◆ How to complete this task
Beginning with the first line of the data below, reproduce every line unchanged, ending with the line that holds "ord Mf (\<xi> z) < \<infinity> \<longrightarrow> ord Mf (g".

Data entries
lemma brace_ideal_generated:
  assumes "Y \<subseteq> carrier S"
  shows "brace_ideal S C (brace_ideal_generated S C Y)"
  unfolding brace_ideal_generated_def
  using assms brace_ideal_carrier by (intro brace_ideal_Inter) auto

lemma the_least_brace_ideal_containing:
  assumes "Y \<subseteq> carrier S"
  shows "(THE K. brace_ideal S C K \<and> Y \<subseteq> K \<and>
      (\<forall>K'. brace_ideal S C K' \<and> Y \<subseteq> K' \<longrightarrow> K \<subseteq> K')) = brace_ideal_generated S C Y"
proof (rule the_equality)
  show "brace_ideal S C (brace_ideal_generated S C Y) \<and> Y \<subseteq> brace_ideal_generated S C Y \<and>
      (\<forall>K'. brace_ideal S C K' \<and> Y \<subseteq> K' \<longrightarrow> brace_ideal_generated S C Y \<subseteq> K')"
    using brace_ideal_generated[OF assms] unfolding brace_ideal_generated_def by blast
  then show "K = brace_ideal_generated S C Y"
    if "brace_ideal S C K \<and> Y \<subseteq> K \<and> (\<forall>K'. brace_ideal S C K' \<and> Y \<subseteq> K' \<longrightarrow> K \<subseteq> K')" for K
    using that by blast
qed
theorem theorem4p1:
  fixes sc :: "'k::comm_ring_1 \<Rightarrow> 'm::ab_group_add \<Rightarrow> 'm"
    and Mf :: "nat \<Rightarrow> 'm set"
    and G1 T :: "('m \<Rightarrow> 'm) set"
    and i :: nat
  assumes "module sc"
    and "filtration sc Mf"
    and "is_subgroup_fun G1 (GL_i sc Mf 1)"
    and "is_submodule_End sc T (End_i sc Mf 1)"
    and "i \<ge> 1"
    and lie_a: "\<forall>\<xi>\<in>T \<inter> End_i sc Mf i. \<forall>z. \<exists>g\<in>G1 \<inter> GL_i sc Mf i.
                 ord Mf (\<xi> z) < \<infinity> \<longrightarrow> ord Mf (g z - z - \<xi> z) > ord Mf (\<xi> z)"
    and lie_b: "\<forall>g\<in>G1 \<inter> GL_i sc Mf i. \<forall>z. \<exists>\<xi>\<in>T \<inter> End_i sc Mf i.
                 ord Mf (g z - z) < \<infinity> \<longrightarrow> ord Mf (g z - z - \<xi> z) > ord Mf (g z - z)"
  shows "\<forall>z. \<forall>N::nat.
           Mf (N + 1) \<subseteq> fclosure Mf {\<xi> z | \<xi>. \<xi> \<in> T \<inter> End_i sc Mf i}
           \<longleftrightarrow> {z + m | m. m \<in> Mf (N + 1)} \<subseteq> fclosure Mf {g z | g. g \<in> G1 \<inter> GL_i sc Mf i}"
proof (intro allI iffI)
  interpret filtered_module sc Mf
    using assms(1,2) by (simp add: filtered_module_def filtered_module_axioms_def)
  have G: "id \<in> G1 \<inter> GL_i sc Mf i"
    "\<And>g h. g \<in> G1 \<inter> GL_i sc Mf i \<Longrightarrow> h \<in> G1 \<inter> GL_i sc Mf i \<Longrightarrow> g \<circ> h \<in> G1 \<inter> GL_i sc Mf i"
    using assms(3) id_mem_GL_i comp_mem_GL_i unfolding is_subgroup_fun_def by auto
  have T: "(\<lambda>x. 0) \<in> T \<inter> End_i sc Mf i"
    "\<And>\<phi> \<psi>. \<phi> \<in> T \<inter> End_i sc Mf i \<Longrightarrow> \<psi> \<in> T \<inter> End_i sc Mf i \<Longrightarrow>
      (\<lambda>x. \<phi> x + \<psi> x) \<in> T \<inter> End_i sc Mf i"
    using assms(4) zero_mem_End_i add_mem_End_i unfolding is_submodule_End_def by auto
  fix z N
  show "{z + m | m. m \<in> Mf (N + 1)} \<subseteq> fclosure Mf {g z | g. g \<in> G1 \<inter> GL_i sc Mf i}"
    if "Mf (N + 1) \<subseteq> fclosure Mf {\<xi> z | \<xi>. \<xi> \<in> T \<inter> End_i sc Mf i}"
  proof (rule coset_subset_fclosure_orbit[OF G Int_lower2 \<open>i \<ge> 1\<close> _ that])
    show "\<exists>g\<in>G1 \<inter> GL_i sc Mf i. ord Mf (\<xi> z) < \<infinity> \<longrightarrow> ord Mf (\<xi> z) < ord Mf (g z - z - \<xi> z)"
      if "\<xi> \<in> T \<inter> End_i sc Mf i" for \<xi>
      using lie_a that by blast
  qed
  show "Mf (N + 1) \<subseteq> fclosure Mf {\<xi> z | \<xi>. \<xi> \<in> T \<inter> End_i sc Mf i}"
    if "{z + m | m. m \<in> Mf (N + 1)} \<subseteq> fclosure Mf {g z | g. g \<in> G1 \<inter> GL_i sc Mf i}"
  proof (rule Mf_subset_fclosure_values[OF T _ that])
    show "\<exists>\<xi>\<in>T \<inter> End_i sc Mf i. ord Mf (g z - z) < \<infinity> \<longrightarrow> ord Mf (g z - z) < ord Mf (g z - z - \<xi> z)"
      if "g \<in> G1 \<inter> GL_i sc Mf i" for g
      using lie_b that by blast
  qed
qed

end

◆ Task result
lemma brace_ideal_generated:
  assumes "Y \<subseteq> carrier S"
  shows "brace_ideal S C (brace_ideal_generated S C Y)"
  unfolding brace_ideal_generated_def
  using assms brace_ideal_carrier by (intro brace_ideal_Inter) auto

lemma the_least_brace_ideal_containing:
  assumes "Y \<subseteq> carrier S"
  shows "(THE K. brace_ideal S C K \<and> Y \<subseteq> K \<and>
      (\<forall>K'. brace_ideal S C K' \<and> Y \<subseteq> K' \<longrightarrow> K \<subseteq> K')) = brace_ideal_generated S C Y"
proof (rule the_equality)
  show "brace_ideal S C (brace_ideal_generated S C Y) \<and> Y \<subseteq> brace_ideal_generated S C Y \<and>
      (\<forall>K'. brace_ideal S C K' \<and> Y \<subseteq> K' \<longrightarrow> brace_ideal_generated S C Y \<subseteq> K')"
    using brace_ideal_generated[OF assms] unfolding brace_ideal_generated_def by blast
  then show "K = brace_ideal_generated S C Y"
    if "brace_ideal S C K \<and> Y \<subseteq> K \<and> (\<forall>K'. brace_ideal S C K' \<and> Y \<subseteq> K' \<longrightarrow> K \<subseteq> K')" for K
    using that by blast
qed
theorem theorem4p1:
  fixes sc :: "'k::comm_ring_1 \<Rightarrow> 'm::ab_group_add \<Rightarrow> 'm"
    and Mf :: "nat \<Rightarrow> 'm set"
    and G1 T :: "('m \<Rightarrow> 'm) set"
    and i :: nat
  assumes "module sc"
    and "filtration sc Mf"
    and "is_subgroup_fun G1 (GL_i sc Mf 1)"
    and "is_submodule_End sc T (End_i sc Mf 1)"
    and "i \<ge> 1"
    and lie_a: "\<forall>\<xi>\<in>T \<inter> End_i sc Mf i. \<forall>z. \<exists>g\<in>G1 \<inter> GL_i sc Mf i.
                 ord Mf (\<xi> z) < \<infinity> \<longrightarrow> ord Mf (g z - z - \<xi> z) > ord Mf (\<xi> z)"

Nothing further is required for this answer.